Dey Black a bad omen4

癒月司は興奮していた。顔はどうなっているだろう、もしかしたらダラシ無くニヤけている様にも見えるかもしれない。

高鳴る心臓の音が周囲に漏れている様な錯覚を感じる程に興奮していた。


「やっちまった‼︎ついに、ついに佐山先輩と番号交換しちゃったぞ、おい⁉︎あの反応見たか⁉︎有るのか?これ有るだろ‼︎俺に春が来てるだろ!おい⁉︎」


頭の中がパンクしそうだ。

「十中八九気があるだろ⁉︎俺から告白…いや、慎重に待つべきか?もう少し会話を続けてから…」

声に出さない声が頭の中をぐるぐると迷走する。

階段を駆け降りる足取りも普段より軽やかに感じる程に体に高揚感を感じる。


「これが、"恋"か‼︎」


少なからず好意はあった。
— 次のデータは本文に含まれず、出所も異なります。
lemma energy_gateaux_differentiable:
  assumes v: "continuous_on {a..b} v" and p: "1 \<le> p"
  shows "gateaux_differentiable (C0 a b) (Lp_norm p a b) energy v"
  unfolding gateaux_differentiable_def
proof (intro exI conjI ballI)
  show "bdd_linear_fun (C0 a b) (Lp_norm p a b) (first_variation v)"
    using first_variation_bdd_linear[OF v p] .
  fix h assume "h \<in> C0 a b"
  note h = C0_continuous_on[OF this]
  obtain M where remainder: "\<And>h. continuous_on {a..b} h \<Longrightarrow>
    \<bar>energy (\<lambda>x. v x + h x) - energy v - first_variation v h\<bar>
      \<le> M * (integral {a..b} (\<lambda>x. \<bar>h x\<bar>^2) + integral {a..b} (\<lambda>x. \<bar>h x\<bar>^3)
              + integral {a..b} (\<lambda>x. \<bar>h x\<bar>^4))"
    using energy_remainder_bound[OF v] by blast
  define I where "I k = integral {a..b} (\<lambda>x. \<bar>h x\<bar> ^ k)" for k :: nat
  have "\<bar>(energy (\<lambda>x. v x + t * h x) - energy v) / t - first_variation v h\<bar>
      \<le> M * (\<bar>t\<bar> * I 2 + t^2 * I 3 + \<bar>t\<bar>^3 * I 4)" if t: "t \<noteq> 0" for t
  proof -
    have linear: "first_variation v (\<lambda>x. t * h x) = t * first_variation v h"
      unfolding first_variation_def by (simp add: mult.left_commute)
    have moments: "integral {a..b} (\<lambda>x. \<bar>t * h x\<bar> ^ k) = \<bar>t\<bar> ^ k * I k" for k
      unfolding I_def abs_mult power_mult_distrib by simp
    have "\<bar>energy (\<lambda>x. v x + t * h x) - energy v - t * first_variation v h\<bar>
        \<le> M * (\<bar>t\<bar>^2 * I 2 + \<bar>t\<bar>^3 * I 3 + \<bar>t\<bar>^4 * I 4)"
      using remainder[of "\<lambda>x. t * h x", unfolded moments linear] h by (simp add: continuous_intros)
    also have "\<dots> = \<bar>t\<bar> * (M * (\<bar>t\<bar> * I 2 + t^2 * I 3 + \<bar>t\<bar>^3 * I 4))"
      by (simp add: algebra_simps power2_eq_square power3_eq_cube power4_eq_xxxx)
    finally have "\<bar>energy (\<lambda>x. v x + t * h x) - energy v - t * first_variation v h\<bar> / \<bar>t\<bar>
        \<le> M * (\<bar>t\<bar> * I 2 + t^2 * I 3 + \<bar>t\<bar>^3 * I 4)"
      using t by (simp add: pos_divide_le_eq mult.commute)
    moreover have "(energy (\<lambda>x. v x + t * h x) - energy v) / t - first_variation v h
        = (energy (\<lambda>x. v x + t * h x) - energy v - t * first_variation v h) / t"
      using t by (simp add: diff_divide_distrib)
    ultimately show ?thesis
      by (simp add: abs_divide)
  qed
  then have "\<forall>\<^sub>F t in at 0. norm ((energy (\<lambda>x. v x + t * h x) - energy v) / t - first_variation v h)
      \<le> M * (\<bar>t\<bar> * I 2 + t^2 * I 3 + \<bar>t\<bar>^3 * I 4)"
    by (auto simp: eventually_at_filter)
  moreover have "((\<lambda>t. M * (\<bar>t\<bar> * I 2 + t^2 * I 3 + \<bar>t\<bar>^3 * I 4)) \<longlongrightarrow> 0) (at 0)"
    by (rule tendsto_eq_intros refl | simp)+
  ultimately show "((\<lambda>t. (energy (\<lambda>x. v x + t * h x) - energy v) / t) \<longlongrightarrow> first_variation v h) (at 0)"
    by (subst Lim_null) (rule Lim_null_comparison)
qed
可愛らしい顔に小さな背丈。セミロングで艶の有る黒髪はしなやかで細く、おまけに隣を歩けば良い香りがする。

そんな子が司に向けて脈アリの雰囲気を出している。

舞い上がってしまいそうだ。


透とたかちーが間違いなく羨ましがるだろう。どうやってこの話をしようか。

などと考えている内に一階の靴箱まで到着していた。

学年別に分かれた靴箱。校内へ入る一口は全部で4箇所あり、2年生は学校の東側手の出入口に靴箱がある。
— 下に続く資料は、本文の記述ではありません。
text \<open>With \<open>ad Q X = [X, Q]\<close>, \<open>ad Q\<close> is a derivation, so if \<open>ad Q\<close> kills \<open>X\<close> after
  \<open>a + 1\<close> steps and \<open>Y\<close> after \<open>b + 1\<close> steps, it kills \<open>X Y\<close> after \<open>a + b + 1\<close> steps.
  Products of creation operators commute with each other, so one commutator with \<open>Q\<^sup>\<dagger>\<close>
  kills the creation part of a normal-ordered string. Each annihilator \<open>s\<^sub>i\<close> is killed by
  three: writing \<open>Q\<^sup>\<dagger> = P + s\<^sub>i\<^sup>\<dagger> R\<close> with \<open>P\<close>, \<open>R\<close> not involving site \<open>i\<close> gives
  \<open>[s\<^sub>i, Q\<^sup>\<dagger>] = [s\<^sub>i, s\<^sub>i\<^sup>\<dagger>] R\<close> and \<open>[[s\<^sub>i, s\<^sub>i\<^sup>\<dagger>], s\<^sub>i\<^sup>\<dagger>] = -2 s\<^sub>i\<^sup>\<dagger>\<close>.
  So a string with at most \<open>k\<close> annihilators dies after \<open>2k + 1\<close> commutators.
  For the second claim, \<open>H Q^(p+1) |0\<rangle> = Q H Q^p |0\<rangle> + [H, Q] Q^p |0\<rangle>\<close>, and induction on the
  number of commutators needed to kill \<open>H\<close> propagates the vanishing of \<open>H Q^q |0\<rangle>\<close> from
  the first values of \<open>q\<close> to all of them.\<close>

lemma matrix_mult_entry:
  "((A :: 'a::semiring_1^'m^'l) ** B) $ i $ j = (\<Sum>k\<in>UNIV. A $ i $ k * B $ k $ j)"
  by (simp add: matrix_matrix_mult_def)

lemma matrix_mult_entry_delta_left:
  assumes "\<And>u. (A :: 'a::semiring_1^'m^'l) $ i $ u = (if P \<and> u = g then 1 else 0)"
  shows "(A ** B) $ i $ j = (if P then B $ g $ j else 0)"
  by (cases P) (simp_all add: matrix_mult_entry assms if_distrib if_distribR cong: if_cong)

lemma matrix_mult_entry_delta_right:
  assumes "\<And>u. (B :: 'a::semiring_1^'m^'l) $ u $ j = (if P \<and> u = g then 1 else 0)"
  shows "(A ** B) $ i $ j = (if P then A $ i $ g else 0)"
  by (cases P) (simp_all add: matrix_mult_entry assms if_distrib if_distribR cong: if_cong)

lemma mat_mult_entry: "(mat c ** (A :: 'a::semiring_1^'m^'l)) $ i $ j = c * A $ i $ j"
  by (simp add: matrix_mult_entry mat_def if_distrib if_distribR cong: if_cong)

lemma matrix_add_rdistrib: "((A :: 'a::semiring_1^'m^'l) + B) ** C = A ** C + B ** C"
  by (simp add: vec_eq_iff matrix_mult_entry sum.distrib distrib_right)

lemma matrix_diff_ldistrib: "(A :: 'a::ring_1^'m^'l) ** (B - C) = A ** B - A ** C"
  by (simp add: vec_eq_iff matrix_mult_entry sum_subtractf right_diff_distrib)

lemma matrix_diff_rdistrib: "((A :: 'a::ring_1^'m^'l) - B) ** C = A ** C - B ** C"
  by (simp add: vec_eq_iff matrix_mult_entry sum_subtractf left_diff_distrib)

lemma mat_mult_commute: "mat (c :: 'a::comm_ring_1) ** A = A ** mat c"
  by (simp add: vec_eq_iff matrix_mult_entry mat_def if_distrib if_distribR mult.commute cong: if_cong)

definition ad :: "'a::ring_1^'m^'m \<Rightarrow> 'a^'m^'m \<Rightarrow> 'a^'m^'m" where
  "ad Q X = X ** Q - Q ** X"

lemma comm_eq_ad: "comm X Q = ad Q X"
  by (simp add: comm_def ad_def)

lemma ad_zero [simp]: "ad Q 0 = 0"
  by (simp add: ad_def)

lemma ad_add: "ad Q (X + Y) = ad Q X + ad Q Y"
  by (simp add: ad_def matrix_add_ldistrib matrix_add_rdistrib)

lemma ad_diff: "ad Q (X - Y) = ad Q X - ad Q Y"
  by (simp add: ad_def matrix_diff_ldistrib matrix_diff_rdistrib)

lemma ad_mult: "ad Q (X ** Y) = X ** ad Q Y + ad Q X ** Y"
  by (simp add: ad_def matrix_diff_ldistrib matrix_diff_rdistrib matrix_mul_assoc)

lemma ad_add_left: "ad (P + Q) X = ad P X + ad Q X"
  by (simp add: ad_def matrix_add_ldistrib matrix_add_rdistrib)

lemma ad_mult_left: "ad (P ** Q) X = P ** ad Q X + ad P X ** Q"
  by (simp add: ad_def matrix_diff_ldistrib matrix_diff_rdistrib matrix_mul_assoc)

lemma ad_eq_0_iff: "ad Q X = 0 \<longleftrightarrow> X ** Q = Q ** X"
  by (simp add: ad_def)

lemma ad_mat [simp]: "ad Q (mat (c :: 'a::comm_ring_1)) = 0"
  by (simp add: ad_def mat_mult_commute)

lemma ad_pow_add: "(ad Q ^^ m) (X + Y) = (ad Q ^^ m) X + (ad Q ^^ m) Y"
  by (induction m) (simp_all add: ad_add)

lemma ad_pow_zero [simp]: "(ad Q ^^ m) 0 = 0"
  by (induction m) simp_all

lemma ad_pow_sum: "(ad Q ^^ m) (sum f A) = (\<Sum>x\<in>A. (ad Q ^^ m) (f x))"
  by (induction A rule: infinite_finite_induct) (simp_all add: ad_pow_add)

lemma ad_pow_Suc: "(ad Q ^^ Suc m) X = (ad Q ^^ m) (ad Q X)"
  by (simp only: funpow_Suc_right comp_apply)

lemma ad_pow_eq_0_mono:
  assumes "(ad Q ^^ m) X = 0" and "m \<le> n"
  shows "(ad Q ^^ n) X = 0"
proof -
  have "(ad Q ^^ n) X = (ad Q ^^ (n - m)) ((ad Q ^^ m) X)"
    using \<open>m \<le> n\<close> by (metis funpow_add le_add_diff_inverse2 o_apply)
  with assms(1) show ?thesis by simp
qed

lemma ad_pow_mult_eq_0:
  assumes "(ad Q ^^ Suc a) X = 0" and "(ad Q ^^ Suc b) Y = 0"
  shows "(ad Q ^^ Suc (a + b)) (X ** Y) = 0"
  using assms
proof (induction "a + b" arbitrary: a b X Y)
  case 0
  then show ?case by (simp add: ad_mult)
next
  case (Suc n)
  have left: "(ad Q ^^ (a + b)) (X ** ad Q Y) = 0"
  proof (cases b)
    case 0
    with Suc.prems show ?thesis by simp
  next
    case (Suc b')
    with Suc.prems(2) have "(ad Q ^^ Suc b') (ad Q Y) = 0" by (simp only: ad_pow_Suc)
    with Suc.hyps Suc.prems(1) \<open>b = Suc b'\<close> show ?thesis by simp
  qed
  have right: "(ad Q ^^ (a + b)) (ad Q X ** Y) = 0"
  proof (cases a)
    case 0
    with Suc.prems show ?thesis by simp
  next
    case (Suc a')
    with Suc.prems(1) have "(ad Q ^^ Suc a') (ad Q X) = 0" by (simp only: ad_pow_Suc)
    with Suc.hyps Suc.prems(2) \<open>a = Suc a'\<close> show ?thesis by simp
  qed
  show ?case by (simp only: ad_pow_Suc ad_mult ad_pow_add left right add_0_right)
qed

text \<open>The annihilator case in the abstract: \<open>s = s\<^sub>i\<close>, \<open>N = s\<^sub>i\<^sup>\<dagger>\<close>, and \<open>Q = P + N R\<close> is
  \<open>Q\<^sup>\<dagger>\<close> split according to whether the created set contains \<open>i\<close>.\<close>

lemma ad_pow_3_eq_0:
  fixes Q s N P R :: "'a::ring_1^'m^'m"
  assumes Q: "Q = P + N ** R"
    and commute: "ad P s = 0" "ad R s = 0" "ad P N = 0" "ad R N = 0"
    and "ad Q N = 0" "ad Q R = 0"
    and "N ** N = 0" "N ** s ** N = N"
  shows "(ad Q ^^ 3) s = 0"
proof -
  define h where "h = ad N s"
  have ad_split: "ad Q X = ad N X ** R" if "ad P X = 0" "ad R X = 0" for X
    using that by (simp add: Q ad_add_left ad_mult_left)
  have "ad P h = 0" "ad R h = 0"
    using commute unfolding h_def ad_def[of N s] by (simp_all add: ad_diff ad_mult)
  then have ad_h: "ad Q h = ad N h ** R"
    by (rule ad_split)
  have ad_N_h: "ad N h = (0 - N) - (N - 0)"
  proof -
    have "s ** N ** N = 0"
      using \<open>N ** N = 0\<close> by (metis matrix_mul_assoc times0_right)
    then show ?thesis
      using \<open>N ** N = 0\<close> \<open>N ** s ** N = N\<close>
      by (simp add: h_def ad_def matrix_diff_ldistrib matrix_diff_rdistrib matrix_mul_assoc)
  qed
  have "ad Q (ad N h) = 0"
    by (simp only: ad_N_h ad_diff ad_zero \<open>ad Q N = 0\<close>) simp
  then have "(ad Q ^^ Suc (0 + 0)) (ad N h ** R) = 0"
    using \<open>ad Q R = 0\<close> by (intro ad_pow_mult_eq_0) simp_all
  then have "(ad Q ^^ Suc 1) h = 0"
    by (simp only: ad_pow_Suc ad_h) simp
  then have "(ad Q ^^ Suc (1 + 0)) (h ** R) = 0"
    using \<open>ad Q R = 0\<close> by (intro ad_pow_mult_eq_0) simp_all
  moreover have "ad Q s = h ** R"
    using commute by (simp add: h_def ad_split)
  ultimately show ?thesis
    by (simp add: numeral_3_eq_3 ad_pow_Suc del: funpow.simps)
qed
司は急いで靴箱を開け、お気に入りのハイカットシューズを手に取り、履いている上靴を脱ぎ投げ入れる。


「この話ししたら、たかちー絶対怒るだろうなー」


それでも語らずにはいられない。春の到来を告げなくてはならない。


意気揚々、気分上々の勢いでハイカットシューズに足を突っ込み、出入口のガラス貼りのドアを勢い良く開け飛び出した。




刹那、不快感が司を襲う。

エレベーターが急上昇する時に感じる不快な浮遊感。猛スピードで前転を繰り返した時に起こる三半規管の酔いに近い。

ぐらっと視界が揺れる。

それに加えて胃の中身が込み上げてくる様な感覚。司は思わず手で口を抑えて、吐瀉するのを堪えた。

あまりにも突然の出来事に、瞼を閉じ、下に俯く。


「……ぐうぅ⁉︎」


どこかに頭をぶつけた様な痛みは無い。それなのに、苦しいと思える程の不快感に襲われる。


「…何が…どうなってんだよ、おい⁉︎」


酸味を感じる胃液を無理やり飲み込み、司は不快感で力の入った瞼を無理やりこじ開ける。


視界の先は"夜"だった。


「……は⁉︎」


意味が分からない。理解が追いつかない。頭の整理がつかない。

ホームルームが終わり、掃除をして、佐山と会話をした所までは鮮明に思い出せる。

確か時刻は3時40分を過ぎたばかりだったはず。それなのに目の前に広がる世界は夜だった。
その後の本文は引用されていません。